Суета сует. Бегство из Вампирского Узла, стр. 22

Ajarn попросил Пита, чтобы тот подкатил кресло поближе. Они тоже вошли в тень манговых деревьев, и тут Пит увидел... тошнота подкатила к горлу жаркой кислой волной. Он почувствовал себя каким-нибудь извращенцем-вуайеристом. Молодая женщина, кажется, проститутка, стояла в дверном проеме и одними губами, без помощи рук, натягивала презерватив на банан.

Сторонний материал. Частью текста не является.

section \<open>Message complexity and the main theorem\<close>

theorem message_complexity:
  assumes ex: "execution sync n t d C acts cfs" and Cn: "C \<subseteq> {1..n}"
  shows "n * (\<Sum>q\<in>C. length (filter (\<lambda>M. msg_key M = (sn, j)) (bclog (loc (cfs k) q)))) \<le> 2 * n ^ 2"
proof -
  have "length (filter (\<lambda>M. msg_key M = (sn, j)) (bclog (loc (cfs k) q))) \<le> 2" if "q \<in> C" for q
    using bclog_bounded_le_two[OF exec_inv_bclog[OF exec_inv_reachable[OF ex Cn] that]] .
  then have "(\<Sum>q\<in>C. length (filter (\<lambda>M. msg_key M = (sn, j)) (bclog (loc (cfs k) q)))) \<le> (\<Sum>q\<in>C. 2)"
    by (rule sum_mono)
  also have "\<dots> \<le> 2 * n" using card_mono[OF finite_atLeastAtMost Cn] by simp
  finally show ?thesis by (simp add: power2_eq_square)
qed

theorem theorem1:
  fixes n t d :: nat and C :: "nat set"
  assumes C_procs: "C \<subseteq> {1..n}"
      and at_most_t_byz: "n - t \<le> card C"
      and d_lt_c: "d < card C"
      and resil: "n > 3 * t + 2 * d"
  shows
    \<comment> \<open>MBRB-Validity\<close>
    "(\<forall>(acts :: nat \<Rightarrow> 'm action) cfs k q m sn j.
        execution False n t d C acts cfs \<and> q \<in> C \<and> j \<in> C \<and> delivered (cfs k) q (m, sn, j)
        \<longrightarrow> (m, sn) \<in> invoked (loc (cfs k) j))
   \<comment> \<open>MBRB-No-duplication\<close>
   \<and> (\<forall>(acts :: nat \<Rightarrow> 'm action) cfs k q sn j.
        execution False n t d C acts cfs \<and> q \<in> C
        \<longrightarrow> length (filter (\<lambda>(m', sn', j'). sn' = sn \<and> j' = j) (dlog (loc (cfs k) q))) \<le> 1)
   \<comment> \<open>MBRB-No-duplicity\<close>
   \<and> (\<forall>(acts :: nat \<Rightarrow> 'm action) cfs k1 k2 q1 q2 m1 m2 sn j.
        execution False n t d C acts cfs \<and> q1 \<in> C \<and> q2 \<in> C \<and>
        delivered (cfs k1) q1 (m1, sn, j) \<and> delivered (cfs k2) q2 (m2, sn, j)
        \<longrightarrow> m1 = m2)
   \<comment> \<open>MBRB-Local-delivery\<close>
   \<and> (\<forall>(acts :: nat \<Rightarrow> 'm action) cfs k i m sn Ds.
        execution False n t d C acts cfs \<and> fair C acts cfs \<and> i \<in> C \<and> acts k = Invoke i m sn Ds
        \<longrightarrow> (\<exists>k' q. q \<in> C \<and> delivered (cfs k') q (m, sn, i)))
   \<comment> \<open>MBRB-Global-delivery with l = c - d\<close>
   \<and> (\<forall>(acts :: nat \<Rightarrow> 'm action) cfs k q m sn j.
        execution False n t d C acts cfs \<and> fair C acts cfs \<and> q \<in> C \<and> delivered (cfs k) q (m, sn, j)
        \<longrightarrow> (\<exists>k'. card C - d \<le> card {q' \<in> C. delivered (cfs k') q' (m, sn, j)}))
   \<comment> \<open>Latency: with all transfer delays equal to one communication step\<close>
   \<and> (\<forall>(acts :: nat \<Rightarrow> 'm action) cfs k0 i m sn Ds.
        execution True n t d C acts cfs \<and> fair C acts cfs \<and> time_progresses acts \<and>
        i \<in> C \<and> acts k0 = Invoke i m sn Ds
        \<longrightarrow> (real d < (real (card C) - of_int \<lfloor>(real n + real t) / 2\<rfloor>)
                        / (of_int \<lfloor>(real n + real t) / 2\<rfloor> + 1)
              \<longrightarrow> (\<forall>k. clock (cfs k) > clock (cfs k0) + 2
                     \<longrightarrow> card C - d \<le> card {q \<in> C. delivered (cfs k) q (m, sn, i)}))
          \<and> (real d < real (card C) - sqrt (real (card C) * ((real n + real t) / 2))
              \<longrightarrow> (\<forall>k. clock (cfs k) > clock (cfs k0) + 3
                     \<longrightarrow> card C - d \<le> card {q \<in> C. delivered (cfs k) q (m, sn, i)})))
   \<comment> \<open>Message complexity: each broadcast sends n imp-messages\<close>
   \<and> (\<forall>(acts :: nat \<Rightarrow> 'm action) cfs k0 i m sn Ds k.
        execution False n t d C acts cfs \<and> i \<in> C \<and> acts k0 = Invoke i m sn Ds
        \<longrightarrow> n * (\<Sum>q \<in> C. length (filter (\<lambda>M. msg_key M = (sn, i)) (bclog (loc (cfs k) q))))
            \<le> 2 * n ^ 2)"
proof -
  have resil': "3 * t + 2 * d < n" using resil by simp
  have "card C \<le> n" using card_mono[OF finite_atLeastAtMost C_procs] by simp
  note two_step = two_step_delivery[OF _ C_procs at_most_t_byz resil' _
      two_step_condition_forces_d_zero[OF \<open>card C \<le> n\<close>]]
  note three_step = three_step_delivery[OF _ C_procs at_most_t_byz _ three_step_condition]
  show ?thesis
    apply (intro conjI allI impI; elim conjE)
    subgoal by (rule delivered_invoked[OF _ C_procs])
    subgoal by (rule local_inv_dlog_unique[OF exec_inv_local[OF exec_inv_reachable[OF _ C_procs]]])
    subgoal by (rule delivered_agree[OF _ C_procs at_most_t_byz])
    subgoal by (rule local_delivery[OF _ _ C_procs at_most_t_byz resil'])
    subgoal by (rule global_delivery[OF _ _ C_procs at_most_t_byz])
    subgoal by (rule two_step)
    subgoal by (rule three_step)
    subgoal by (rule message_complexity[OF _ C_procs])
    done
qed

end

И вдруг мир словно замер: Пит больше не слышал шума городских улиц. Все эти калеки, торговцы и попрошайки исчезли словно по волшебству. Не стало даже бродячих собак. Осталась лишь девушка в дверном проеме. У нее были высокие скулы и достаточно светлая кожа, возможно, она была с севера. Вызывающе черная губная помада, ярко-красные тени для глаз. Короткая стрижка и серебряный гвоздик в брови, как у тех панков, которых Пит видел в Америке.

Как только девушка заметила, что она здесь не одна, банан полетел в кучу мусора, а презерватив остался у нее во рту. Она рассмеялась.

— Твоя понравился мой маленький забавный трюк?

Она обращалась к тени, которая была Лораном МакКендлзом.

Ветер протяжно вздохнул.

— За это заплатить мне немножко больше, — продолжала она. — Кажется, скоро будет дождя, нельзя торговаться много. Моя устала.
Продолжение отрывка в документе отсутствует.